- Sire: Neltino
- Grandsire: Bustino
- Dam: Celtic Well
- Damsire: Celtic Cone
- Sex: Gelding
- Foaled: 19 May 1989
- Country: United Kingdom
- Colour: Grey
- Breeder: Mrs K I Hayward
- Owner: C R Saunders The Winning Line
- Trainer: Caroline Bailey Venetia Williams
- Record: 11: 9-1-0
- Earnings: £191,604

Major wins
- Badger Beer Chase (1998) Hennessy Gold Cup (1998) King George VI Chase (1998) Ascot Chase (1999)

= Teeton Mill =

British-bred Thoroughbred racehorse

Teeton Mill (19 May 1989 - November 2014) was a British Thoroughbred racehorse who competed under National Hunt rules. He originally competed in hunter chases, which are confined to horses who have taken part in fox hunting, and won five of his first six races. When moved into open competition he won four consecutive races including the Badger Beer Chase, Hennessy Gold Cup, King George VI Chase and the Ascot Chase before sustaining a career-ending injury in the 1999 Cheltenham Gold Cup.

==Background==
Teeton Mill was a grey gelding bred in the United Kingdom by Mrs K I Hayward. He was sired by Neltino who won one of his five races before his racing career was ended by injury as a three-year-old in 1981. He became a successful National Hunt stallion whose other offspring included Flying Instructor (winner of fourteen races including the Red Rum Chase) and Mandy's Mantino (seven races including the Sport of Kings Challenge). Teeton Mill's dam Celtic Well was an unraced daughter of the broodmare Rydewell who also produced the Christmas Hurdle winner Ryde Again. Rydewell was a distant descendant of Ayrshire Beauty, a half-sister of The Derby winner Volodyovski. Teeton Mill was first sent into training with Caroline Bailey and was owned during his racing career by The Winning Line.

==Racing career==
===1997/1998 National Hunt season===
Teeton Mill made his first appearance under National Hunt rules as an eight-year-old in February 1997, when he won a hunter chase over two and a half miles at Leicester Racecourse, beating thirteen opponents at odds of 11/10. When the next hunter chase season began in early 1998 he won by more than thirty lengths at Wetherby Racecourse in February before following up in March with victories at Leicester and Newbury in March. The gelding was then moved to the stable of Venetia Williams in Herefordshire. Having been ridden in his first four races by the amateur Ben Pollock, Teeton Mill was partnered by Seamus Durack when the gelding contested a hunter chase at Cheltenham Racecourse in April 1998. He started the 4/5 favourite but after taking the lead at the third last fence and weakened to finish second, beaten twelve lengths by Double Thriller. A month later Teeton Mill was ridden by Shirley Vickery when he contested the Horse & Hound Cup Champion Hunter Chase over three and a half miles at Stratford Racecourse. He started the 5/1 third choice behind the Scottish hunter Jigtime (winner of all seven of his completed races) and the mare Grimley Gale whilst the other runners included Double Silk, a winner of eighteen hunter chases including two editions of the CGA Foxhunter Chase at the Cheltenham Festival. Teeton Mill took the lead at the eleventh fence and went clear at the final fence to win by seven lengths from Grimley Gale with a gap of more than thirty lengths back to Jigtime. Double Silk was the only one of the six other runners to complete the course.

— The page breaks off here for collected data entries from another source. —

(* Let $p,q\in\mathbb{N}$ and let $T=(T_{i,j})_{i,j\in\mathbb{N}_0}$ be a semi-infinite complex matrix with band structure $T_{i,j}=0$ whenever $j<i-p$ or $j>i+q$. For $N\in\mathbb{N}_0$ let $T^{[N]}=(T_{i,j})_{0\le i,j\le N}$ be its principal truncation of size $N+1$. Let $\nu\in\mathbb{C}^{p\times p}$ and $\xi\in\mathbb{C}^{q\times q}$ be invertible lower triangular matrices. Fix $a\in\{1,\dots,p\}$ and $b\in\{1,\dots,q\}$, and define the semi-infinite column vector $u_a^\nu$ whose entries with indices $0,\dots,p-1$ are the entries of $\nu^{-\top}e_a^{[p]}$ and whose remaining entries are $0$, and the semi-infinite row vector $u_b^\xi$ whose entries with indices $0,\dots,q-1$ are the entries of $(e_b^{[q]})^\top\xi^{-1}$ and whose remaining entries are $0$ (here $e_a^{[p]}$, $e_b^{[q]}$ are standard basis vectors of $\mathbb{C}^p$, $\mathbb{C}^q$). Let $e_a^\nu\in\mathbb{C}^{N+1}$ and $e_b^\xi\in\mathbb{C}^{N+1}$ denote the vectors formed by the entries with indices $0,\dots,N$ of $u_a^\nu$ and of $(u_b^\xi)^\top$, respectively. Define \[ d_{b,a}(N)\coloneq\left\lceil\frac{N+2-a}{p}\right\rceil+\left\lceil\frac{N+2-b}{q}\right\rceil-1 . \] Then for every $n\in\mathbb{N}_0$ and every $N\in\mathbb{N}_0$ with $n\le d_{b,a}(N)$, \[ u_b^\xi\,T^n\,u_a^\nu=(e_b^\xi)^\top\bigl(T^{[N]}\bigr)^n e_a^\nu . \]
   Context: Powers $T^n$ of the banded semi-infinite matrix are defined by ordinary matrix multiplication (all sums involved are finite because of the band structure), with $T^0=I$. Since $\nu$ is lower triangular, $\nu^{-\top}e_a^{[p]}$ is supported in indices $\{0,\dots,a-1\}$, and $(e_b^{[q]})^\top\xi^{-1}$ is supported in indices $\{0,\dots,b-1\}$, so $u_b^\xi T^n u_a^\nu$ is a finite sum. *)

theory Defs
  imports "HOL-Analysis.Infinite_Sum" "Jordan_Normal_Form.Matrix"
begin

type_synonym smat = "nat \<Rightarrow> nat \<Rightarrow> complex"

definition banded :: "nat \<Rightarrow> nat \<Rightarrow> smat \<Rightarrow> bool" where
  "banded p q T \<longleftrightarrow> (\<forall>i j. (j + p < i \<or> j > i + q) \<longrightarrow> T i j = 0)"

text \<open>Product of semi-infinite matrices: entry (i,j) is the sum over k of A i k * B k j
  (a finite sum for banded matrices; written as an infinite sum).\<close>
definition smat_mult :: "smat \<Rightarrow> smat \<Rightarrow> smat" where
  "smat_mult A B = (\<lambda>i j. \<Sum>\<^sub>\<infinity>k. A i k * B k j)"

definition smat_id :: smat where
  "smat_id = (\<lambda>i j. if i = j then 1 else 0)"

fun smat_pow :: "smat \<Rightarrow> nat \<Rightarrow> smat" where
  "smat_pow T 0 = smat_id"
| "smat_pow T (Suc n) = smat_mult (smat_pow T n) T"

definition trunc :: "smat \<Rightarrow> nat \<Rightarrow> complex mat" where
  "trunc T N = mat (N+1) (N+1) (\<lambda>(i,j). T i j)"

definition lower_triangular_mat :: "'a::zero mat \<Rightarrow> bool" where
  "lower_triangular_mat A \<longleftrightarrow> (\<forall>i<dim_row A. \<forall>j<dim_col A. i < j \<longrightarrow> A $$ (i,j) = 0)"

text \<open>u_a^nu: entries 0..p-1 are nu^{-T} e_a, i.e. entry i is (nu^{-1})_{a-1,i}
  (a in 1..p); zero elsewhere. Given the inverse nui of nu.\<close>
definition u_col :: "nat \<Rightarrow> complex mat \<Rightarrow> nat \<Rightarrow> nat \<Rightarrow> complex" where
  "u_col p nui a i = (if i < p then (transpose_mat nui *\<^sub>v unit_vec p (a - 1)) $ i else 0)"

definition u_row :: "nat \<Rightarrow> complex mat \<Rightarrow> nat \<Rightarrow> nat \<Rightarrow> complex" where
  "u_row q xii b i = (if i < q then (transpose_mat xii *\<^sub>v unit_vec q (b - 1)) $ i else 0)"

definition d_ba :: "nat \<Rightarrow> nat \<Rightarrow> nat \<Rightarrow> nat \<Rightarrow> nat \<Rightarrow> int" where
  "d_ba p q b a N = \<lceil>(real N + 2 - real a) / real p\<rceil> + \<lceil>(real N + 2 - real b) / real q\<rceil> - 1"

end

theory Submission
  imports Defs "Jordan_Normal_Form.Determinant"
begin

text \<open>The entry (i, j) of T^n is a sum over paths i = k_0, ..., k_n = j along nonzero entries
  of T. By the band structure such a path rises by at most q per step from i and, read backwards
  from j, by at most p per step, so k_l <= min (i + l q) (j + (n - l) p). The bound n <= d_{b,a}(N)
  makes this minimum at most N for all l whenever i < b and j < a, and the lower triangularity of
  nu and xi confines u_a^nu and u_b^xi to exactly these indices. So only paths inside the
  truncation T^[N] contribute to either side.\<close>

lemma lower_triangular_mat_inverse:
  fixes A B :: "'a::idom mat"
  assumes A: "A \<in> carrier_mat n n" and B: "B \<in> carrier_mat n n" and AB: "A * B = 1\<^sub>m n"
    and L: "lower_triangular_mat A"
  shows "lower_triangular_mat B"
proof -
  have A_upper: "A $$ (i, j) = 0" if "i < j" "j < n" for i j
    using L A that unfolding lower_triangular_mat_def by auto
  have "det A * det B = 1"
    using det_mult[OF A B] AB by simp
  then have "det A \<noteq> 0"
    by auto
  moreover have "det A = (\<Prod>i = 0..<n. A $$ (i, i))"
    using det_lower_triangular[OF A_upper A] prod_list_diag_prod A by auto
  ultimately have A_diag: "A $$ (i, i) \<noteq> 0" if "i < n" for i
    using that by auto
  have "B $$ (r, c) = 0" if "r < c" "c < n" for r c
    using that
  proof (induction r rule: less_induct)
    case (less r)
    have "0 = (A * B) $$ (r, c)"
      using AB less.prems by simp
    also have "\<dots> = (\<Sum>k<n. A $$ (r, k) * B $$ (k, c))"
      using A B less.prems by (simp add: scalar_prod_def lessThan_atLeast0)
    also have "\<dots> = A $$ (r, r) * B $$ (r, c) + (\<Sum>k\<in>{..<n} - {r}. A $$ (r, k) * B $$ (k, c))"
      using less.prems by (subst sum.remove) auto
    also have "(\<Sum>k\<in>{..<n} - {r}. A $$ (r, k) * B $$ (k, c)) = 0"
      using less A_upper by (intro sum.neutral) (auto simp: nat_neq_iff)
    finally show ?case
      using A_diag less.prems by simp
  qed
  then show ?thesis
    using B unfolding lower_triangular_mat_def by auto
qed

lemma u_row_eq_u_col: "u_row = u_col"
  by (simp add: fun_eq_iff u_row_def u_col_def)

lemma u_col_eq_0:
  assumes "M \<in> carrier_mat p p" "lower_triangular_mat M" "0 < a" "a \<le> i"
  shows "u_col p M a i = 0"
  using assms by (auto simp: u_col_def lower_triangular_mat_def)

===1998/1999 National Hunt season===
In the 1998/1999 season, Teeton Mill moved out of hunter chases to compete against professional opposition and was ridden in all of his five races by Norman Williamson. On his seasonal debut, he carried 158 pounds in the Badger Beer Handicap Chase over three and a quarter miles at Wincanton Racecourse on 7 November and won by eight lengths from Menesonic. Three weeks later, Teeton Mill was one of sixteen horses to contest the forty-second running of the Hennessy Gold Cup at Newbury. Carrying 145 pounds, he started the 5/1 second favourite behind the Midlands Grand National winner Seven Towers, with the other runners including Addington Boy (Tripleprint Gold Cup), Call It A Day (Whitbread Gold Cup), Coome Hill (winner of the race in 1996), The Toiseach (Reynoldstown Novices' Chase), Fiddling The Facts (Feltham Novices' Chase) and Boss Doyle (Mildmay Novices' Chase). Williamson positioned the grey just behind the leaders before taking the lead three fences from the finish. He drew steadily clear of the field in the straight to win by fifteen lengths from Eudipe. On 26 December 1998 Teeton Mill was stepped up to Grade 1 level for the King George VI Chase over three miles at Kempton Park Racecourse in which he was matched against many of the leading steeplechasers of the time including Imperial Call, See More Business, Simply Dashing (FNB Gold Cup), Escartefigue (Martell Cup), Coome Hill, Challenger du Luc (Cathcart Challenge Cup, Murphy's Gold Cup) and Mulligan (Henry VIII Novices' Chase). Starting the 7/2 second favourite on soft ground, he raced just behind the leaders before taking the lead from Imperial Call at the fourteenth of the eighteen fences. He quickly went clear of the field and won by six lengths from Escartefigue with Imperial Call more than thirty lengths away in third and Challenger du Luc last of the four finishers.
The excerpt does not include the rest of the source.